When we run the is.na function, R recognizes both types of missing values. We can see this because there’s three TRUE values that are returned when we run is.na.

It’s important to note the difference between “NA” and “NaN”. We can use the help function to take a closer look at both values.

# using the help function to learn about NA
help(NA)

Taking a look at the bottom right window we can see that “NA” or “Not Available” is used for missing values.

“NaN” or “Not a Number” is used for numeric calculations. If a value is undefined, such as 0/0, “NaN” is the appropriate way to represent this.

There is also a is.nan function. Try running this with both “NA” and “NaN”. You’ll see that it returns a value of TRUE for “NaN” but FALSE for “NA”.

The is.na function on the other hand is more generic, so it will detect both types of missing values.

Let’s go ahead and use dplyr to summarize our data a little bit.

We can use the distinct function to look at the distinct values that show up in the MonthlyCharges column.

# looking at the distinct values
df %>%
distinct(MonthlyCharges)
# A tibble: 9 x 1
MonthlyCharges
dbl
1 29.8
2 57.0
3 NA
4 42.3
5 70.7
6 NaN
7 89.1
8 105.
9 54.1

We can see there’s 9 distinct values. There’s 10 rows of data, but “NA” shows up twice, so there’s 9 distinct values.

If we want to get a quick count of the distinct values we can use the summarisefunction.

# counting unique values
df %>%
summarise(n = n_distinct(MonthlyCharges))
# A tibble: 1 x 1
n
int
1 9

This returns a simple tibble with a column that we named “n” for the count of distinct values in the MonthlyCharges column.

What we’re really after is the count of missing values. We can use the summarise function along with is.na to count the missing values.

# counting missing values
df %>%
summarise(count = sum(is.na(MonthlyCharges)))
# A tibble: 1 x 1
count
int
1 3

As we saw above, the number of missing values is 3.

Maybe we want to do multiple things at once. Let’s say we want to get a count of unique values, as well as missing values, and also the median value of MonthlyCharges.

Here’s how we can do that using summarise:

# counting unique, missing, and median values
df %>% summarise(n = n_distinct(MonthlyCharges),
na = sum(is.na(MonthlyCharges)),
med = median(MonthlyCharges, na.rm = TRUE))
# A tibble: 1 x 3
n na med
int int dbl
1 9 3 57.0

This produces an organized little tibble of our summary data.

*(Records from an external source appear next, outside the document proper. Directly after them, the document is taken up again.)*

lemma power_need_le_if_achieved:
  assumes i: "i \<in> {1,2}" and l: "l \<in> {1..L}"
    and p: "\<And>k. k \<in> {1,2} \<Longrightarrow> 0 \<le> p k \<and> p k \<le> P"
    and t: "\<And>k. k \<in> {1,2} \<Longrightarrow>
      0 \<le> t k \<and> t k \<le> p k * g k k l / (\<sigma>2 + p (other_user k) * g (other_user k) k l)"
  shows "power_need g \<sigma>2 t i l \<le> P * gain_det g l t"
proof -
  define j where "j = other_user i"
  have j: "j \<in> {1,2}" "other_user j = i"
    using other_user_mem[OF i] other_user_other_user[OF i] unfolding j_def by auto
  have denom_pos: "0 < \<sigma>2 + p (other_user k) * g (other_user k) k l" if "k \<in> {1,2}" for k
    using p[OF other_user_mem[OF that]] hop_gains_pos[OF that l] noise_pos
    by (simp add: add_pos_nonneg)
  have ti: "t i * (\<sigma>2 + p j * g j i l) \<le> p i * g i i l"
    using t[OF i] denom_pos[OF i] by (simp add: j_def pos_le_divide_eq)
  have tj: "t j * (\<sigma>2 + p i * g i j l) \<le> p j * g j j l"
    using t[OF j(1)] denom_pos[OF j(1)] j(2) by (simp add: pos_le_divide_eq)
  have need_le: "power_need g \<sigma>2 t i l \<le> p i * gain_det g l t"
    using power_times_det_ge[OF _ _ _ ti tj] hop_gains_pos[OF i l] t[OF i]
    unfolding power_need_def gain_det_user_form[OF i] j_def[symmetric] by simp
  have "0 < gain_det g l t"
    using gain_det_pos[OF i l _ _ _ need_le] t[OF i] t[OF j(1)] p[OF i] by (simp add: j_def)
  then have "p i * gain_det g l t \<le> P * gain_det g l t" using p[OF i] by simp
  then show ?thesis using need_le by linarith
qed

lemma region_power_need_le:
  "t \<in> sinr_region L g \<sigma>2 P \<Longrightarrow> i \<in> {1,2} \<Longrightarrow> l \<in> {1..L} \<Longrightarrow>
    power_need g \<sigma>2 t i l \<le> P * gain_det g l t"
  unfolding sinr_region_def by blast
(* Let $X$ be a set. (i) For every log-scale $\ell$ on $X$ there exists a metric on $X$ associated with $\ell$. (ii) If $|x-y|$ is a metric on $X$, then the function $\ell(x,y)=-\lfloor \ln|x-y|\rfloor$ (with $\ell(x,x)=+\infty$) is a log-scale on $X$, and the metric $|\cdot|$ is associated with it.
   Context: A log-scale on a set $X$ is a function $\ell:X\times X\to\mathbb{R}\cup\{\infty\}$ such that (1) $\ell(x,y)=\ell(y,x)$ for all $x,y$; (2) $\ell(x,y)=+\infty$ if and only if $x=y$; (3) there is $\delta\ge 0$ with $\ell(x,z)\ge\min(\ell(x,y),\ell(y,z))-\delta$ for all $x,y,z\in X$. A metric $|\cdot|$ on $X$ is associated with the log-scale $\ell$ if there are constants $0<\alpha<1$ and $c>1$ such that $c^{-1}\alpha^{\ell(x,y)}\le|x-y|\le c\,\alpha^{\ell(x,y)}$ for all $x,y\in X$. *)

theory Defs
  imports "HOL-Analysis.Analysis"
begin

definition metric_on :: "'a set \<Rightarrow> ('a \<Rightarrow> 'a \<Rightarrow> real) \<Rightarrow> bool" where
  "metric_on X d \<longleftrightarrow>
     (\<forall>x\<in>X. \<forall>y\<in>X. 0 \<le> d x y) \<and>
     (\<forall>x\<in>X. \<forall>y\<in>X. d x y = 0 \<longleftrightarrow> x = y) \<and>
     (\<forall>x\<in>X. \<forall>y\<in>X. d x y = d y x) \<and>
     (\<forall>x\<in>X. \<forall>y\<in>X. \<forall>z\<in>X. d x z \<le> d x y + d y z)"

Now that we’ve identified the missing values, let’s replace them with the median value of MonthlyCharges. To do that, we can use the mutate function from dplyr.

# mutate missing values
df %>%
mutate(MonthlyCharges
= replace(MonthlyCharges,
is.na(MonthlyCharges),
median(MonthlyCharges, na.rm = TRUE)))
# A tibble: 10 x 5
customerID MonthlyCharges TotalCharges PaymentMethod Churn
chr dbl chr chr chr
1 7590-VHVEG 29.8 109.9 Electronic check yes
2 5575-GNVDE 57.0 na Mailed check yes
3 3668-QPYBK 57.0 108.15 -- yes
4 7795-CFOCW 42.3 1840.75 Bank transfer no
5 9237-HQITU 70.7 NA Electronic check no
6 9305-CDSKC 57.0 820.5 -- yes
7 1452-KIOVK 89.1 1949.4 Credit card no
8 6713-OKOMC 57.0 N/A NA yes
9 7892-POOKP 105. 3046.05 Electronic check no
10 8451-AJOMK 54.1 354.95 Electronic check no

We can see that the missing values were replaced with the median value 57 in three different spots.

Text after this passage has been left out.